━━━ Given records

lemma is_HDM_diff_image:
  assumes "is_HDM G H k Q" "finite (carrier G)" "j < k" "j' < k" "j \<noteq> j'"
  shows "(\<lambda>i. diff_grp G (Q i j) (Q i j')) ` {..<card (carrier G) - card H} = carrier G - H"
proof -
  have "image_mset (\<lambda>i. diff_grp G (Q i j) (Q i j')) (mset_set {0..<card (carrier G) - card H})
      = mset_set (carrier G - H)"
    using assms(1,3-5) unfolding is_HDM_def by blast
  then have "set_mset (image_mset (\<lambda>i. diff_grp G (Q i j) (Q i j'))
      (mset_set {0..<card (carrier G) - card H})) = set_mset (mset_set (carrier G - H))"
    by (rule arg_cong)
  then show ?thesis using assms(2) by (simp add: atLeast0LessThan)
qed

lemma (in comm_group) is_HDM_normalize:
  assumes "is_HDM G H k Q"
  shows "is_HDM G H k (\<lambda>i j. Q i j \<otimes> inv Q i (k - 1))"
proof -
  let ?m = "card (carrier G) - card H"
  have Q: "\<And>i j. i < ?m \<Longrightarrow> j < k \<Longrightarrow> Q i j \<in> carrier G"
    using assms unfolding is_HDM_def by blast
  have "image_mset (\<lambda>i. diff_grp G (Q i j \<otimes> inv Q i (k - 1)) (Q i j' \<otimes> inv Q i (k - 1)))
          (mset_set {0..<?m})
      = image_mset (\<lambda>i. diff_grp G (Q i j) (Q i j')) (mset_set {0..<?m})"
    if "j < k" "j' < k" for j j'
    using that Q by (intro image_mset_cong) (simp add: diff_grp_mult_inv_right)
  then show ?thesis using assms Q unfolding is_HDM_def by auto
qed

subsection \<open>Stacking an HDM on a DCA over the hole\<close>

definition stack_rows :: "nat \<Rightarrow> (nat \<Rightarrow> nat \<Rightarrow> 'a) \<Rightarrow> (nat \<Rightarrow> nat \<Rightarrow> 'a) \<Rightarrow> nat \<Rightarrow> nat \<Rightarrow> 'a"
  where "stack_rows m A B i j = (if i < m then A i j else B (i - m) j)"

lemma image_lessThan_add:
  fixes m h :: nat
  shows "f ` {..<m + h} = f ` {..<m} \<union> (\<lambda>i. f (m + i)) ` {..<h}"
proof -
  have "{..<m + h} = {..<m} \<union> (+) m ` {..<h}"
    using ivl_disj_un_one(2)[of m "m + h"] by (simp add: lessThan_atLeast0 add.commute)
  then show ?thesis by (simp add: image_Un image_image)
qed

locale hdm_dca_stack = group +
  fixes H :: "'a set" and k :: nat and Q D :: "nat \<Rightarrow> nat \<Rightarrow> 'a"
  assumes finite_carrier: "finite (carrier G)"
    and hole: "subgroup H G"
    and HDM: "is_HDM G H k Q"
    and HDM_last_column: "\<And>i. i < card (carrier G) - card H \<Longrightarrow> 0 < k \<Longrightarrow> Q i (k - 1) = \<one>"
    and DCA: "DCA_P12 (G\<lparr>carrier := H\<rparr>) k D"
begin

definition hdm_rows :: nat where "hdm_rows = card (carrier G) - card H"

abbreviation stacked :: "nat \<Rightarrow> nat \<Rightarrow> 'a" where "stacked \<equiv> stack_rows hdm_rows Q D"

lemma hole_subset: "H \<subseteq> carrier G"
  using hole subgroup.subset by blast

lemma card_carrier_eq: "card (carrier G) = hdm_rows + card H"
  using card_mono[OF finite_carrier hole_subset] by (simp add: hdm_rows_def)

lemma HDM_entry: "i < hdm_rows \<Longrightarrow> j < k \<Longrightarrow> Q i j \<in> carrier G"
  using HDM unfolding is_HDM_def hdm_rows_def by blast

lemma DCA_entry: "i \<le> card H \<Longrightarrow> j < k \<Longrightarrow> D i j \<in> H"
  using DCA unfolding DCA_P12_def is_normalized_DCA_def is_DCA_def by auto

lemma DCA_covers:
  "j < k \<Longrightarrow> j' < k \<Longrightarrow> j \<noteq> j' \<Longrightarrow>
    H \<subseteq> {diff_grp (G\<lparr>carrier := H\<rparr>) (D i j) (D i j') | i. i \<le> card H}"
  using DCA unfolding DCA_P12_def is_normalized_DCA_def is_DCA_def by (simp add: less_Suc_eq_le)

lemma DCA_last_row: "j < k \<Longrightarrow> D (card H) j = \<one>"
  using DCA unfolding DCA_P12_def is_normalized_DCA_def by simp

lemma DCA_last_column: "i \<le> card H \<Longrightarrow> 0 < k \<Longrightarrow> D i (k - 1) = \<one>"
  using DCA unfolding DCA_P12_def is_normalized_DCA_def by simp

lemma DCA_P1: "j < k \<Longrightarrow> 2 \<le> card {i. i \<le> card H \<and> D i j = \<one>}"
  using DCA unfolding DCA_P12_def P1_def by simp

lemma DCA_P2:
  "j < k \<Longrightarrow> j' < k \<Longrightarrow> j \<noteq> j' \<Longrightarrow> j \<noteq> k - 1 \<Longrightarrow> j' \<noteq> k - 1 \<Longrightarrow>
    {diff_grp (G\<lparr>carrier := H\<rparr>) (D i j) (D i j') | i. i < card H} = H - {\<one>}"
  using DCA unfolding DCA_P12_def P2_def by simp

lemma stacked_upper: "i < hdm_rows \<Longrightarrow> stacked i j = Q i j"
  by (simp add: stack_rows_def)

lemma stacked_lower: "stacked (hdm_rows + i) j = D i j"
  by (simp add: stack_rows_def)

lemma stacked_cases:
  assumes "i \<le> card (carrier G)"
  obtains "i < hdm_rows" "stacked i j = Q i j"
    | i' where "i = hdm_rows + i'" "i' \<le> card H" "stacked i j = D i' j"
  using assms card_carrier_eq stacked_upper stacked_lower
  by (metis add_le_cancel_left le_add_diff_inverse not_less)

lemma stacked_entry:
  assumes "i \<le> card (carrier G)" "j < k"
  shows "stacked i j \<in> carrier G"
  using assms(1)
  by (cases rule: stacked_cases[of i j]) (use assms(2) HDM_entry DCA_entry hole_subset in auto)

lemma stacked_diff_lower:
  assumes "i \<le> card H" "j < k" "j' < k"
  shows "diff_grp G (stacked (hdm_rows + i) j) (stacked (hdm_rows + i) j')
       = diff_grp (G\<lparr>carrier := H\<rparr>) (D i j) (D i j')"
  using assms DCA_entry diff_grp_subgroup[OF is_group hole] by (simp add: stacked_lower)

lemma stacked_diffs_upper:
  assumes "j < k" "j' < k" "j \<noteq> j'"
  shows "(\<lambda>i. diff_grp G (stacked i j) (stacked i j')) ` {..<hdm_rows} = carrier G - H"
proof -
  have "(\<lambda>i. diff_grp G (stacked i j) (stacked i j')) ` {..<hdm_rows}
      = (\<lambda>i. diff_grp G (Q i j) (Q i j')) ` {..<hdm_rows}"
    by (intro image_cong) (simp_all add: stacked_upper)
  then show ?thesis
    using is_HDM_diff_image[OF HDM finite_carrier assms] by (simp add: hdm_rows_def)
qed

lemma stacked_is_DCA: "is_DCA G k (card (carrier G) + 1) stacked"
  unfolding is_DCA_def
proof (intro conjI allI impI subsetI)
  fix i j assume "i < card (carrier G) + 1" "j < k"
  then show "stacked i j \<in> carrier G" by (simp add: stacked_entry)
next
  fix j j' g assume jj: "j < k" "j' < k" "j \<noteq> j'" and g: "g \<in> carrier G"
  show "g \<in> {diff_grp G (stacked i j) (stacked i j') | i. i < card (carrier G) + 1}"
  proof (cases "g \<in> H")
    case True
    then obtain i where i: "i \<le> card H" "g = diff_grp (G\<lparr>carrier := H\<rparr>) (D i j) (D i j')"
      using DCA_covers[OF jj] by blast
    then have "g = diff_grp G (stacked (hdm_rows + i) j) (stacked (hdm_rows + i) j')"
      using stacked_diff_lower jj by simp
    moreover have "hdm_rows + i < card (carrier G) + 1"
      using i(1) card_carrier_eq by linarith
    ultimately show ?thesis by blast
  next
    case False
    then have "g \<in> (\<lambda>i. diff_grp G (stacked i j) (stacked i j')) ` {..<hdm_rows}"
      using g stacked_diffs_upper[OF jj] by simp
    then obtain i where i: "i < hdm_rows" "g = diff_grp G (stacked i j) (stacked i j')"
      by blast
    moreover have "i < card (carrier G) + 1"
      using i(1) card_carrier_eq by linarith
    ultimately show ?thesis by blast
  qed
qed

lemma stacked_normalized: "is_normalized_DCA G k stacked"
  unfolding is_normalized_DCA_def
proof (intro conjI allI impI stacked_is_DCA)
  fix j assume "j < k"
  then show "stacked (card (carrier G)) j = \<one>"
    using DCA_last_row by (simp add: card_carrier_eq stacked_lower)
next
  fix i assume "i \<le> card (carrier G)" "0 < k"
  then show "stacked i (k - 1) = \<one>"
    by (cases rule: stacked_cases[of i "k - 1"])
      (use HDM_last_column DCA_last_column in \<open>auto simp: hdm_rows_def\<close>)
qed

lemma stacked_P1: "P1 G k stacked"
  unfolding P1_def
proof (intro allI impI)
  fix j assume j: "j < k"
  have "(+) hdm_rows ` {i. i \<le> card H \<and> D i j = \<one>}
      \<subseteq> {i. i \<le> card (carrier G) \<and> stacked i j = \<one>}"
    using card_carrier_eq stacked_lower by auto
  then have "card ((+) hdm_rows ` {i. i \<le> card H \<and> D i j = \<one>})
      \<le> card {i. i \<le> card (carrier G) \<and> stacked i j = \<one>}"
    by (rule card_mono[rotated]) simp
  then show "2 \<le> card {i. i \<le> card (carrier G) \<and> stacked i j = \<one>}"
    using DCA_P1[OF j] by (simp add: card_image)
qed

lemma stacked_P2: "P2 G k stacked"
  unfolding P2_def
proof (intro allI impI)
  fix j j' assume jj: "j < k" "j' < k" "j \<noteq> j' \<and> j \<noteq> k - 1 \<and> j' \<noteq> k - 1"
  let ?d = "\<lambda>i. diff_grp G (stacked i j) (stacked i j')"
  have "(\<lambda>i. ?d (hdm_rows + i)) ` {..<card H}
      = {diff_grp (G\<lparr>carrier := H\<rparr>) (D i j) (D i j') | i. i < card H}"
    using stacked_diff_lower jj by auto
  then have lower: "(\<lambda>i. ?d (hdm_rows + i)) ` {..<card H} = H - {\<one>}"
    using DCA_P2 jj by simp
  have "{?d i | i. i < card (carrier G)} = ?d ` {..<hdm_rows + card H}"
    using card_carrier_eq by auto
  also have "\<dots> = (carrier G - H) \<union> (H - {\<one>})"
    unfolding image_lessThan_add lower using stacked_diffs_upper jj by simp
  also have "\<dots> = carrier G - {\<one>}"
    using hole_subset subgroup.one_closed[OF hole] by blast
  finally show "{?d i | i. i < card (carrier G)} = carrier G - {\<one>}" .
qed

theorem DCA_P12_stacked: "DCA_P12 G k stacked"
  using stacked_normalized stacked_P1 stacked_P2 by (simp add: DCA_P12_def)

end

theorem (in comm_group) DCA_P12_from_HDM:
  assumes "finite (carrier G)" "subgroup H G" "is_HDM G H k Q" "DCA_P12 (G\<lparr>carrier := H\<rparr>) k D"
  shows "\<exists>E. DCA_P12 G k E"
proof -
  let ?Q = "\<lambda>i j. Q i j \<otimes> inv Q i (k - 1)"
  have "Q i (k - 1) \<in> carrier G" if "i < card (carrier G) - card H" "0 < k" for i
    using assms(3) that unfolding is_HDM_def by simp
  then interpret hdm_dca_stack G H k ?Q D
    by (intro hdm_dca_stack.intro is_group hdm_dca_stack_axioms.intro assms(1,2,4)
        is_HDM_normalize[OF assms(3)]) simp
  show ?thesis using DCA_P12_stacked by blast
qed

subsection \<open>Transport along a difference-preserving bijection\<close>

locale diff_preserving_bij = K: group K + L: group L
  for K :: "('a, 'b) monoid_scheme" and L :: "('c, 'd) monoid_scheme" +
  fixes \<phi> :: "'a \<Rightarrow> 'c"
  assumes bij: "bij_betw \<phi> (carrier K) (carrier L)"
    and diff: "\<And>x y. x \<in> carrier K \<Longrightarrow> y \<in> carrier K \<Longrightarrow>
      \<phi> (diff_grp K x y) = diff_grp L (\<phi> x) (\<phi> y)"
begin

lemma image_carrier: "\<phi> ` carrier K = carrier L"
  using bij by (simp add: bij_betw_def)

lemma card_carrier: "card (carrier L) = card (carrier K)"
  using bij by (metis bij_betw_same_card)

lemma map_one: "\<phi> \<one>\<^bsub>K\<^esub> = \<one>\<^bsub>L\<^esub>"
proof -
  have "\<phi> \<one>\<^bsub>K\<^esub> \<in> carrier L" using image_carrier by blast
  then show ?thesis
    using diff[of "\<one>\<^bsub>K\<^esub>" "\<one>\<^bsub>K\<^esub>"] K.diff_grp_self L.diff_grp_self by simp
qed

lemma map_eq_one_iff: "x \<in> carrier K \<Longrightarrow> \<phi> x = \<one>\<^bsub>L\<^esub> \<longleftrightarrow> x = \<one>\<^bsub>K\<^esub>"
  using bij map_one by (metis K.one_closed bij_betw_def inj_on_eq_iff)

lemma image_diffs:
  assumes "\<And>i. P i \<Longrightarrow> D i j \<in> carrier K \<and> D i j' \<in> carrier K"
  shows "{diff_grp L (\<phi> (D i j)) (\<phi> (D i j')) | i. P i} = \<phi> ` {diff_grp K (D i j) (D i j') | i. P i}"
  unfolding setcompr_eq_image image_image using assms diff by (intro image_cong) auto

lemma is_DCA_map:
  assumes "is_DCA K k eta D"
  shows "is_DCA L k eta (\<lambda>i j. \<phi> (D i j))"
proof -
  have entry: "\<And>i j. i < eta \<Longrightarrow> j < k \<Longrightarrow> D i j \<in> carrier K"
    and cover: "\<And>j j'. j < k \<Longrightarrow> j' < k \<Longrightarrow> j \<noteq> j' \<Longrightarrow>
      carrier K \<subseteq> {diff_grp K (D i j) (D i j') | i. i < eta}"
    using assms unfolding is_DCA_def by simp_all
  have "carrier L \<subseteq> {diff_grp L (\<phi> (D i j)) (\<phi> (D i j')) | i. i < eta}"
    if jj: "j < k" "j' < k" "j \<noteq> j'" for j j'
  proof -
    have "carrier L \<subseteq> \<phi> ` {diff_grp K (D i j) (D i j') | i. i < eta}"
      unfolding image_carrier[symmetric] using cover[OF jj] by (rule image_mono)
    also have "\<dots> = {diff_grp L (\<phi> (D i j)) (\<phi> (D i j')) | i. i < eta}"
      using entry jj by (intro image_diffs[symmetric]) simp
    finally show ?thesis .
  qed
  moreover have "\<phi> (D i j) \<in> carrier L" if "i < eta" "j < k" for i j
    using entry[OF that] image_carrier by blast
  ultimately show ?thesis unfolding is_DCA_def by blast
qed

━━━━━━

Assigned task:
Each line from the material above that mentions the word "fixes" needs to be copied.

Reply to the task:
  fixes m h :: nat
  fixes H :: "'a set" and k :: nat and Q D :: "nat \<Rightarrow> nat \<Rightarrow> 'a"
  fixes \<phi> :: "'a \<Rightarrow> 'c"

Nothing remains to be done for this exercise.